# Atlas Code 55 track with Micro Engineering joiners?



## Maelstrom (Dec 22, 2012)

Hello all,

I am getting ready to order my first N scale locomotive and some track.

I have decided to get some Atlas Code 55 track but the store is out of the Atlas joiners. I would like to know if the Micro Engineering joiners are compatible without any hiccups.

Thanks in advance!


----------



## waltr (Aug 15, 2011)

ME joiners should work if they are for Code 55 rail.

In general I have found variance within a package of joiners. So some fit, some are loose and some tight. If you find they are too loose they squeeze they with pliers. If tight them use a spare piece of track and force them onto the rail to open them a little.


----------



## Maelstrom (Dec 22, 2012)

Thanks for the reply!

I bought an HO scale set a week or so back and I'd rather have more options as far as more scenery and track in my available space that comes with N scale.

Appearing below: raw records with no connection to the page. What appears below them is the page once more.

(* For every $K\in\mathcal K(\mathcal H)^{ah}$ and $t\in\mathbb R$, $$\inf_{D\in\mathcal D(\mathcal B(\mathcal H))^{ah}}\|K+D\|=\inf_{\substack{d\in\mathcal D(\mathcal K(\mathcal H))^{ah}\\ \theta\in\mathbb R}}\|K+itI+d+i\theta I\|=\inf_{d\in\mathcal D(\mathcal K(\mathcal H))^{ah}}\|K+d\|.$$ Consequently the Finsler norm $\|Xb-bX\|_b$ for $X\in(\mathcal K+\mathbb C)^{ah}$ coincides with the quotient norm of the class of $X$ in each of $\mathcal K(\mathcal H)^{ah}/\mathcal D(\mathcal K(\mathcal H))^{ah}$ (after subtracting the scalar part), $(\mathcal K+\mathbb C)^{ah}/\mathcal D(\mathcal K+\mathbb C)^{ah}$, and $(\mathcal K(\mathcal H)^{ah}+\mathcal D(\mathcal B(\mathcal H))^{ah})/\mathcal D(\mathcal B(\mathcal H))^{ah}$.
   Context: $\mathcal H$ is a separable infinite-dimensional Hilbert space with fixed orthonormal basis $\{e_i\}$; $\mathcal K(\mathcal H)$ compact operators; $ah$ = anti-Hermitian; $\mathcal D(\mathcal B(\mathcal H))$ bounded diagonal operators, $\mathcal D(\mathcal K(\mathcal H))=\mathcal D(\mathcal B(\mathcal H))\cap\mathcal K(\mathcal H)$; $\mathcal K+\mathbb C=\{K+\lambda I\}$, $\mathcal D(\mathcal K+\mathbb C)=\mathcal D(\mathcal K(\mathcal H))+\mathbb CI$. For $b$ a compact self-adjoint diagonal operator with pairwise distinct diagonal entries and $x=Xb-bX$ with $X\in(\mathcal K+\mathbb C)^{ah}$, $\|x\|_b=\inf\{\|Y\|:Y\in(\mathcal K+\mathbb C)^{ah},\ Yb-bY=x\}$. Quotient norms are the usual infimum norms. *)

theory Defs
  imports Complex_Main
begin

text \<open>Model: the separable infinite-dimensional Hilbert space with fixed orthonormal
basis is realised as l2(nat), vectors being square-summable functions nat => complex,
with basis vectors e i.  Operators are maps on such functions; only their behaviour on
l2 vectors matters (equality of operators is equality on l2).\<close>

type_synonym vec = "nat \<Rightarrow> complex"
type_synonym op = "vec \<Rightarrow> vec"

definition l2 :: "vec \<Rightarrow> bool" where
  "l2 x \<longleftrightarrow> summable (\<lambda>n. (cmod (x n))^2)"

definition l2norm :: "vec \<Rightarrow> real" where
  "l2norm x = sqrt (\<Sum>n. (cmod (x n))^2)"

definition l2inner :: "vec \<Rightarrow> vec \<Rightarrow> complex" where
  "l2inner x y = (\<Sum>n. x n * cnj (y n))"

definition basis_vec :: "nat \<Rightarrow> vec" where
  "basis_vec i = (\<lambda>n. if n = i then 1 else 0)"

definition op_eq :: "op \<Rightarrow> op \<Rightarrow> bool" where
  "op_eq S T \<longleftrightarrow> (\<forall>x. l2 x \<longrightarrow> S x = T x)"

definition op_add :: "op \<Rightarrow> op \<Rightarrow> op" where
  "op_add S T = (\<lambda>x n. S x n + T x n)"

definition op_sub :: "op \<Rightarrow> op \<Rightarrow> op" where
  "op_sub S T = (\<lambda>x n. S x n - T x n)"

definition op_scalar :: "complex \<Rightarrow> op" where
  "op_scalar c = (\<lambda>x n. c * x n)"

definition op_comm :: "op \<Rightarrow> op \<Rightarrow> op" where
  "op_comm X b = op_sub (X \<circ> b) (b \<circ> X)"

definition bounded_op :: "op \<Rightarrow> bool" where
  "bounded_op T \<longleftrightarrow>
     (\<forall>x. l2 x \<longrightarrow> l2 (T x)) \<and>
     (\<forall>x y. l2 x \<longrightarrow> l2 y \<longrightarrow> T (\<lambda>n. x n + y n) = (\<lambda>n. T x n + T y n)) \<and>
     (\<forall>c x. l2 x \<longrightarrow> T (\<lambda>n. c * x n) = (\<lambda>n. c * T x n)) \<and>
     (\<exists>C. \<forall>x. l2 x \<longrightarrow> l2norm (T x) \<le> C * l2norm x)"

definition op_norm :: "op \<Rightarrow> real" where
  "op_norm T = Sup {l2norm (T x) | x. l2 x \<and> l2norm x \<le> 1}"

text \<open>compact: the image of every sequence in the closed unit ball has a Cauchy
(hence, l2 being complete, convergent) subsequence\<close>
definition compact_op :: "op \<Rightarrow> bool" where
  "compact_op T \<longleftrightarrow> bounded_op T \<and>
     (\<forall>xs :: nat \<Rightarrow> vec. (\<forall>k. l2 (xs k) \<and> l2norm (xs k) \<le> 1) \<longrightarrow>
        (\<exists>r::nat \<Rightarrow> nat. strict_mono r \<and>
           (\<forall>\<epsilon>::real>0. \<exists>N::nat. \<forall>m\<ge>N. \<forall>n\<ge>N.
               l2norm (\<lambda>i. T (xs (r m)) i - T (xs (r n)) i) < \<epsilon>)))"

definition antiherm_op :: "op \<Rightarrow> bool" where
  "antiherm_op T \<longleftrightarrow> (\<forall>x y. l2 x \<longrightarrow> l2 y \<longrightarrow> l2inner (T x) y = - l2inner x (T y))"

definition selfadj_op :: "op \<Rightarrow> bool" where
  "selfadj_op T \<longleftrightarrow> (\<forall>x y. l2 x \<longrightarrow> l2 y \<longrightarrow> l2inner (T x) y = l2inner x (T y))"

definition diag_op :: "op \<Rightarrow> bool" where
  "diag_op T \<longleftrightarrow> bounded_op T \<and> (\<forall>i. \<exists>c. T (basis_vec i) = (\<lambda>n. c * basis_vec i n))"

definition KC_op :: "op \<Rightarrow> bool" where
  "KC_op X \<longleftrightarrow> (\<exists>K0 c0. compact_op K0 \<and> op_eq X (op_add K0 (op_scalar c0)))"

definition Kah :: "op set" where "Kah = {K. compact_op K \<and> antiherm_op K}"
definition DBah :: "op set" where "DBah = {D. diag_op D \<and> antiherm_op D}"
definition DKah :: "op set" where "DKah = {D. diag_op D \<and> compact_op D \<and> antiherm_op D}"
definition KCah :: "op set" where "KCah = {X. bounded_op X \<and> KC_op X \<and> antiherm_op X}"
definition DKCah :: "op set" where "DKCah = {D. diag_op D \<and> KC_op D \<and> antiherm_op D}"

definition finsler_norm :: "op \<Rightarrow> op \<Rightarrow> real" where
  "finsler_norm b x = Inf {op_norm Y | Y. Y \<in> KCah \<and> op_eq (op_comm Y b) x}"

end

theory Submission
  imports Defs "HOL-Analysis.Analysis"
begin

text \<open>Let \<open>P\<^sub>n\<close> and \<open>Q\<^sub>n = 1 - P\<^sub>n\<close> be the coordinate projections onto the first \<open>n\<close>
  basis vectors and onto the rest. For compact anti-Hermitian \<open>K\<close> and \<open>\<epsilon> > 0\<close>, compactness gives
  \<open>n\<close> with \<open>\<parallel>Q\<^sub>n K\<parallel> \<le> \<epsilon>/2\<close>, and taking adjoints \<open>\<parallel>K Q\<^sub>n\<parallel> \<le> \<epsilon>/2\<close>. For a bounded
  diagonal anti-Hermitian \<open>D\<close> the compact diagonal \<open>d = P\<^sub>n D\<close> satisfies
  \<open>K + d = P\<^sub>n (K + D) P\<^sub>n + P\<^sub>n K Q\<^sub>n + Q\<^sub>n K\<close>, hence \<open>\<parallel>K + d\<parallel> \<le> \<parallel>K + D\<parallel> + \<epsilon>\<close>; as
  imaginary scalars are diagonal, the three infima coincide.

  For the Finsler norm, \<open>Y b - b Y = X b - b X\<close> says that \<open>X - Y\<close> commutes with \<open>b\<close>, and since
  the eigenvalues of \<open>b\<close> are distinct this forces \<open>X - Y\<close> to be diagonal: \<open>\<parallel>x\<parallel>\<^sub>b\<close> is the
  distance from \<open>X\<close> to the diagonal anti-Hermitian part of \<open>K + C\<close>. Writing \<open>X = K + c\<close>,
  anti-Hermitian \<open>X\<close> forces \<open>c\<close> to be imaginary and \<open>K\<close> to be anti-Hermitian, which reduces the other equalities to the first part.\<close>

section \<open>Square-summable sequences\<close>

lemma l2_if_partial_sums_bounded:
  assumes "\<And>n. (\<Sum>k<n. (cmod (z k))^2) \<le> B^2" "B \<ge> 0"
  shows "l2 z \<and> l2norm z \<le> B"
proof -
  have s: "summable (\<lambda>k. (cmod (z k))^2)"
  proof (rule bounded_imp_summable[where B="B^2"])
    fix n show "(\<Sum>k\<le>n. (cmod (z k))^2) \<le> B^2"
      using assms(1)[of "Suc n"] by (simp add: lessThan_Suc_atMost)
  qed simp
  have "(\<Sum>k. (cmod (z k))^2) \<le> B^2" by (rule suminf_le_const[OF s assms(1)])
  hence "l2norm z \<le> sqrt (B^2)" unfolding l2norm_def by (rule real_sqrt_le_mono)
  thus ?thesis using s assms(2) by (simp add: l2_def)
qed

lemma l2norm_nonneg: "l2 x \<Longrightarrow> l2norm x \<ge> 0"
  unfolding l2norm_def l2_def by (simp add: suminf_nonneg)

lemma l2norm_sq: "l2 x \<Longrightarrow> (l2norm x)^2 = (\<Sum>n. (cmod (x n))^2)"
  unfolding l2norm_def l2_def by (simp add: suminf_nonneg)

lemma l2_partial_sum_le: "l2 x \<Longrightarrow> (\<Sum>k<n. (cmod (x k))^2) \<le> (l2norm x)^2"
  unfolding l2norm_sq by (rule sum_le_suminf) (auto simp: l2_def)

lemma L2_set_le_l2norm:
  assumes x: "l2 x" shows "L2_set (\<lambda>k. cmod (x k)) {..<n} \<le> l2norm x"
proof -
  have "L2_set (\<lambda>k. cmod (x k)) {..<n} = sqrt (\<Sum>k<n. (cmod (x k))^2)" by (simp add: L2_set_def)
  also have "\<dots> \<le> sqrt ((l2norm x)^2)" using l2_partial_sum_le[OF x] by (rule real_sqrt_le_mono)
  also have "\<dots> = l2norm x" using l2norm_nonneg[OF x] by simp
  finally show ?thesis .
qed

I ordered a Kato SD80MAC last night, a few cars of rolling stock, and some track last night to get started.

Do you guys have any recommendations for a DCC system that can eventually grow to 6-8 locomotives and have track switching features?


----------



## waltr (Aug 15, 2011)

DigiTrack or NCE systems are popular and expandable.

I use the DigiTrack Zephyr and a UT hand throttle for 6 locos on the track (4 with sound) and control two locos at a time (two operators).

Read through the threads in the DCC section as this question is asked very often.


----------



## Maelstrom (Dec 22, 2012)

Thanks again waltr!


----------